(* Let $G$ and $H$ be symmetric convex $N$-player games. Then for every player $i\in A$, $$R_i(G+H)\ge R_i(G)+R_i(H).$$
   Context: Let $A=\{1,\dots,N\}$ be a finite set of players. A game is any function $G:2^A\to\mathbb{R}$; sums of games are taken pointwise. A game $G$ is symmetric convex if there is a function $g:\{0,1,\dots,N\}\to\mathbb{R}$ with $G(S)=g(|S|)$ for all $S\subseteq A$, such that the increments $g(k+1)-g(k)$ are nonnegative for all $0\le k<N$ and nondecreasing in $k$. For a player $i$ and a coalition $S\subseteq A\setminus\{i\}$, the marginal contribution is $d_iG(S)=G(S\cup\{i\})-G(S)$. Let $f_i$ be a random subset of $A\setminus\{i\}$ with distribution $\Pr\{f_i=S\}=\frac{|S|!\,(N-|S|-1)!}{N!}$ for each $S\subseteq A\setminus\{i\}$. The Shapley uncertainty of $G$ for player $i$ is $R_i(G)=\mathrm{Var}[d_iG(f_i)]$. *)

theory Defs
  imports Complex_Main
begin

type_synonym game = "nat set \<Rightarrow> real"

definition players :: "nat \<Rightarrow> nat set" where
  "players N = {1..N}"

definition symmetric_convex :: "nat \<Rightarrow> game \<Rightarrow> bool" where
  "symmetric_convex N G \<longleftrightarrow>
     (\<exists>g :: nat \<Rightarrow> real.
        (\<forall>S. S \<subseteq> players N \<longrightarrow> G S = g (card S)) \<and>
        (\<forall>k<N. g (k + 1) - g k \<ge> 0) \<and>
        (\<forall>k. k + 1 < N \<longrightarrow> g (k + 1) - g k \<le> g (k + 2) - g (k + 1)))"

definition marginal :: "game \<Rightarrow> nat \<Rightarrow> nat set \<Rightarrow> real" where
  "marginal G i S = G (insert i S) - G S"

text \<open>Probability that the random coalition f_i equals S (S a subset of A without i).\<close>
definition shapley_prob :: "nat \<Rightarrow> nat set \<Rightarrow> real" where
  "shapley_prob N S = fact (card S) * fact (N - card S - 1) / fact N"

definition shapley_mean :: "nat \<Rightarrow> game \<Rightarrow> nat \<Rightarrow> real" where
  "shapley_mean N G i =
     (\<Sum>S\<in>Pow (players N - {i}). shapley_prob N S * marginal G i S)"

definition shapley_uncertainty :: "nat \<Rightarrow> game \<Rightarrow> nat \<Rightarrow> real" where
  "shapley_uncertainty N G i =
     (\<Sum>S\<in>Pow (players N - {i}).
        shapley_prob N S * (marginal G i S - shapley_mean N G i)\<^sup>2)"

end

theory Submission
  imports Defs
begin

text \<open>For a fixed player i, the Shapley distribution turns the marginal contribution into a
random variable, and Var(X + Y) = Var X + Var Y + 2 Cov(X, Y).  In a symmetric convex game the
marginal contribution of i to S depends only on |S| and is nondecreasing in it, so the marginals
of G and H are similarly ordered functions of the coalition.  Writing twice the covariance as the
double sum of p(a) p(b) (X a - X b) (Y a - Y b), as in Chebyshev's sum inequality, shows that it
is nonnegative.\<close>

definition weighted_mean :: "('a \<Rightarrow> real) \<Rightarrow> 'a set \<Rightarrow> ('a \<Rightarrow> real) \<Rightarrow> real" where
  "weighted_mean p I X = (\<Sum>a\<in>I. p a * X a)"

definition weighted_covariance ::
    "('a \<Rightarrow> real) \<Rightarrow> 'a set \<Rightarrow> ('a \<Rightarrow> real) \<Rightarrow> ('a \<Rightarrow> real) \<Rightarrow> real" where
  "weighted_covariance p I X Y =
     (\<Sum>a\<in>I. p a * (X a - weighted_mean p I X) * (Y a - weighted_mean p I Y))"

lemma weighted_mean_add:
  "weighted_mean p I (\<lambda>a. X a + Y a) = weighted_mean p I X + weighted_mean p I Y"
  by (simp add: weighted_mean_def distrib_left sum.distrib)

lemma weighted_covariance_add_left:
  "weighted_covariance p I (\<lambda>a. X a + Y a) Z
     = weighted_covariance p I X Z + weighted_covariance p I Y Z"
  unfolding weighted_covariance_def weighted_mean_add sum.distrib[symmetric]
  by (intro sum.cong refl) (simp add: algebra_simps)

lemma weighted_covariance_commute:
  "weighted_covariance p I X Y = weighted_covariance p I Y X"
  by (simp add: weighted_covariance_def mult.commute mult.left_commute)

lemma weighted_covariance_add_self:
  "weighted_covariance p I (\<lambda>a. X a + Y a) (\<lambda>a. X a + Y a)
     = weighted_covariance p I X X + weighted_covariance p I Y Y + 2 * weighted_covariance p I X Y"
  by (simp add: weighted_covariance_add_left weighted_covariance_commute[of p I _ "\<lambda>a. X a + Y a"]
      weighted_covariance_commute[of p I Y X])

lemma weighted_mean_centered:
  assumes "sum p I = 1"
  shows "(\<Sum>a\<in>I. p a * (X a - weighted_mean p I X)) = 0"
  using assms
  by (simp add: weighted_mean_def right_diff_distrib sum_subtractf sum_distrib_right[symmetric])

lemma weighted_covariance_double_sum:
  assumes "sum p I = 1"
  shows "(\<Sum>a\<in>I. \<Sum>b\<in>I. p a * p b * ((X a - X b) * (Y a - Y b)))
           = 2 * weighted_covariance p I X Y"
proof -
  define x where "x a = X a - weighted_mean p I X" for a
  define y where "y a = Y a - weighted_mean p I Y" for a
  have "(\<Sum>a\<in>I. \<Sum>b\<in>I. p a * p b * ((X a - X b) * (Y a - Y b)))
      = (\<Sum>a\<in>I. \<Sum>b\<in>I. p b * (p a * x a * y a) + p a * (p b * x b * y b)
                           - (p a * x a) * (p b * y b) - (p a * y a) * (p b * x b))"
    by (intro sum.cong refl) (simp add: x_def y_def algebra_simps)
  also have "\<dots> = 2 * (\<Sum>a\<in>I. p a * x a * y a)
                   - 2 * (\<Sum>a\<in>I. p a * x a) * (\<Sum>a\<in>I. p a * y a)"
  proof -
    have "(\<Sum>a\<in>I. \<Sum>b\<in>I. p b * (p a * x a * y a)) = (\<Sum>a\<in>I. p a * x a * y a)"
      by (simp add: sum_distrib_right[symmetric] assms)
    moreover have "(\<Sum>a\<in>I. \<Sum>b\<in>I. p a * (p b * x b * y b)) = (\<Sum>a\<in>I. p a * x a * y a)"
      by (simp add: sum_distrib_left[symmetric] sum_distrib_right[symmetric] assms)
    ultimately show ?thesis
      by (simp add: sum_subtractf sum.distrib sum_product[symmetric])
  qed
  also have "\<dots> = 2 * weighted_covariance p I X Y"
    using weighted_mean_centered[OF assms, of X] by (simp add: weighted_covariance_def x_def y_def)
  finally show ?thesis .
qed

lemma weighted_covariance_nonneg_if_similarly_ordered:
  assumes "sum p I = 1" and "\<And>a. a \<in> I \<Longrightarrow> p a \<ge> 0"
    and "\<And>a b. a \<in> I \<Longrightarrow> b \<in> I \<Longrightarrow> (X a - X b) * (Y a - Y b) \<ge> 0"
  shows "weighted_covariance p I X Y \<ge> 0"
proof -
  have "0 \<le> (\<Sum>a\<in>I. \<Sum>b\<in>I. p a * p b * ((X a - X b) * (Y a - Y b)))"
    by (intro sum_nonneg mult_nonneg_nonneg[OF mult_nonneg_nonneg] assms(2,3))
  then show ?thesis
    using weighted_covariance_double_sum[OF assms(1), of X Y] by linarith
qed

lemma sum_Pow_by_card:
  assumes "finite A"
  shows "(\<Sum>S\<in>Pow A. f (card S)) = (\<Sum>k\<le>card A. of_nat (card A choose k) * f k)"
proof -
  have "(\<Sum>S\<in>Pow A. f (card S)) = (\<Sum>k\<le>card A. \<Sum>S\<in>{S. S \<in> Pow A \<and> card S = k}. f (card S))"
    by (rule sum.group[symmetric]) (use assms in \<open>auto intro: card_mono\<close>)
  also have "\<dots> = (\<Sum>k\<le>card A. \<Sum>S\<in>{S. S \<subseteq> A \<and> card S = k}. f k)"
    by (intro sum.cong) auto
  also have "\<dots> = (\<Sum>k\<le>card A. of_nat (card A choose k) * f k)"
    by (simp add: n_subsets[OF assms])
  finally show ?thesis .
qed

lemma sum_shapley_prob:
  assumes "i \<in> players N"
  shows "(\<Sum>S\<in>Pow (players N - {i}). shapley_prob N S) = 1"
proof -
  define n where "n = N - 1"
  have N: "N = Suc n" and card_others: "card (players N - {i}) = n"
    and finite_others: "finite (players N - {i})"
    using assms by (auto simp: players_def n_def)
  have "(\<Sum>S\<in>Pow (players N - {i}). shapley_prob N S)
      = (\<Sum>k\<le>n. of_nat (n choose k) * (fact k * fact (N - k - 1) / fact N))"
    using sum_Pow_by_card[OF finite_others, of "\<lambda>k. fact k * fact (N - k - 1) / fact N"]
    by (simp only: shapley_prob_def card_others)
  also have "\<dots> = (\<Sum>k\<le>n. fact n / fact N)"
  proof (intro sum.cong refl)
    fix k assume "k \<in> {..n}"
    then have "k \<le> n" and "N - k - 1 = n - k"
      by (auto simp: n_def)
    then show "of_nat (n choose k) * (fact k * fact (N - k - 1) / fact N)
                 = (fact n / fact N :: real)"
      by (simp add: binomial_fact)
  qed
  also have "\<dots> = 1"
    by (simp add: N)
  finally show ?thesis .
qed

lemma convex_increments_mono:
  fixes g :: "nat \<Rightarrow> real"
  assumes "\<forall>k. k + 1 < N \<longrightarrow> g (k + 1) - g k \<le> g (k + 2) - g (k + 1)"
    and "m \<le> n" and "n < N"
  shows "g (m + 1) - g m \<le> g (n + 1) - g n"
  using assms(2,3)
proof (induction n rule: dec_induct)
  case (step n)
  then have "g (m + 1) - g m \<le> g (n + 1) - g n" by simp
  also have "\<dots> \<le> g (n + 2) - g (n + 1)" using assms(1) step.prems step.hyps by auto
  finally show ?case by (simp add: numeral_2_eq_2)
qed simp

lemma symmetric_convex_marginal_mono:
  assumes "symmetric_convex N G" and "i \<in> players N"
    and "S \<subseteq> players N - {i}" and "T \<subseteq> players N - {i}" and "card S \<le> card T"
  shows "marginal G i S \<le> marginal G i T"
proof -
  obtain g where g: "\<And>S. S \<subseteq> players N \<Longrightarrow> G S = g (card S)"
    and convex: "\<forall>k. k + 1 < N \<longrightarrow> g (k + 1) - g k \<le> g (k + 2) - g (k + 1)"
    using assms(1) unfolding symmetric_convex_def by blast
  have marginal_eq: "marginal G i U = g (card U + 1) - g (card U)"
    and card_less: "card U < N" if "U \<subseteq> players N - {i}" for U
  proof -
    have "finite U" "i \<notin> U" "U \<subseteq> players N" "insert i U \<subseteq> players N"
      using that assms(2) finite_subset by (auto simp: players_def)
    then show "marginal G i U = g (card U + 1) - g (card U)"
      by (simp add: marginal_def g)
    have "card U \<le> card (players N - {i})" using that by (intro card_mono) (auto simp: players_def)
    with assms(2) show "card U < N" by (simp add: players_def) arith
  qed
  show ?thesis
    using convex_increments_mono[OF convex assms(5) card_less[OF assms(4)]]
    by (simp add: marginal_eq assms(3,4))
qed

lemma symmetric_convex_marginals_similarly_ordered:
  assumes "symmetric_convex N G" and "symmetric_convex N H" and "i \<in> players N"
    and "S \<subseteq> players N - {i}" and "T \<subseteq> players N - {i}"
  shows "(marginal G i S - marginal G i T) * (marginal H i S - marginal H i T) \<ge> 0"
proof (cases "card S \<le> card T")
  case True
  then show ?thesis
    using symmetric_convex_marginal_mono[OF assms(1,3,4,5)]
      symmetric_convex_marginal_mono[OF assms(2,3,4,5)]
    by (simp add: mult_nonpos_nonpos)
next
  case False
  then show ?thesis
    using symmetric_convex_marginal_mono[OF assms(1,3,5,4)]
      symmetric_convex_marginal_mono[OF assms(2,3,5,4)]
    by simp
qed

lemma shapley_uncertainty_eq_weighted_covariance:
  "shapley_uncertainty N G i
     = weighted_covariance (shapley_prob N) (Pow (players N - {i})) (marginal G i) (marginal G i)"
  by (simp add: shapley_uncertainty_def weighted_covariance_def shapley_mean_def weighted_mean_def
      power2_eq_square mult.assoc)

theorem mainTheorem8:
  fixes N :: nat and G H :: game and i :: nat
  assumes "symmetric_convex N G" and "symmetric_convex N H"
    and "i \<in> players N"
  shows "shapley_uncertainty N (\<lambda>S. G S + H S) i
           \<ge> shapley_uncertainty N G i + shapley_uncertainty N H i"
proof -
  let ?p = "shapley_prob N" and ?I = "Pow (players N - {i})"
  have "marginal (\<lambda>S. G S + H S) i = (\<lambda>S. marginal G i S + marginal H i S)"
    by (simp add: marginal_def fun_eq_iff)
  then have "shapley_uncertainty N (\<lambda>S. G S + H S) i
      = shapley_uncertainty N G i + shapley_uncertainty N H i
        + 2 * weighted_covariance ?p ?I (marginal G i) (marginal H i)"
    by (simp add: shapley_uncertainty_eq_weighted_covariance weighted_covariance_add_self)
  moreover have "weighted_covariance ?p ?I (marginal G i) (marginal H i) \<ge> 0"
    by (rule weighted_covariance_nonneg_if_similarly_ordered[OF sum_shapley_prob[OF assms(3)]])
      (auto simp: shapley_prob_def intro: symmetric_convex_marginals_similarly_ordered[OF assms])
  ultimately show ?thesis by linarith
qed

end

*REQUIRED WORK*: Taking each line of the material above in turn, count those containing the string "refl". State the number alone.

*RESULT OF THE EXERCISE*: 3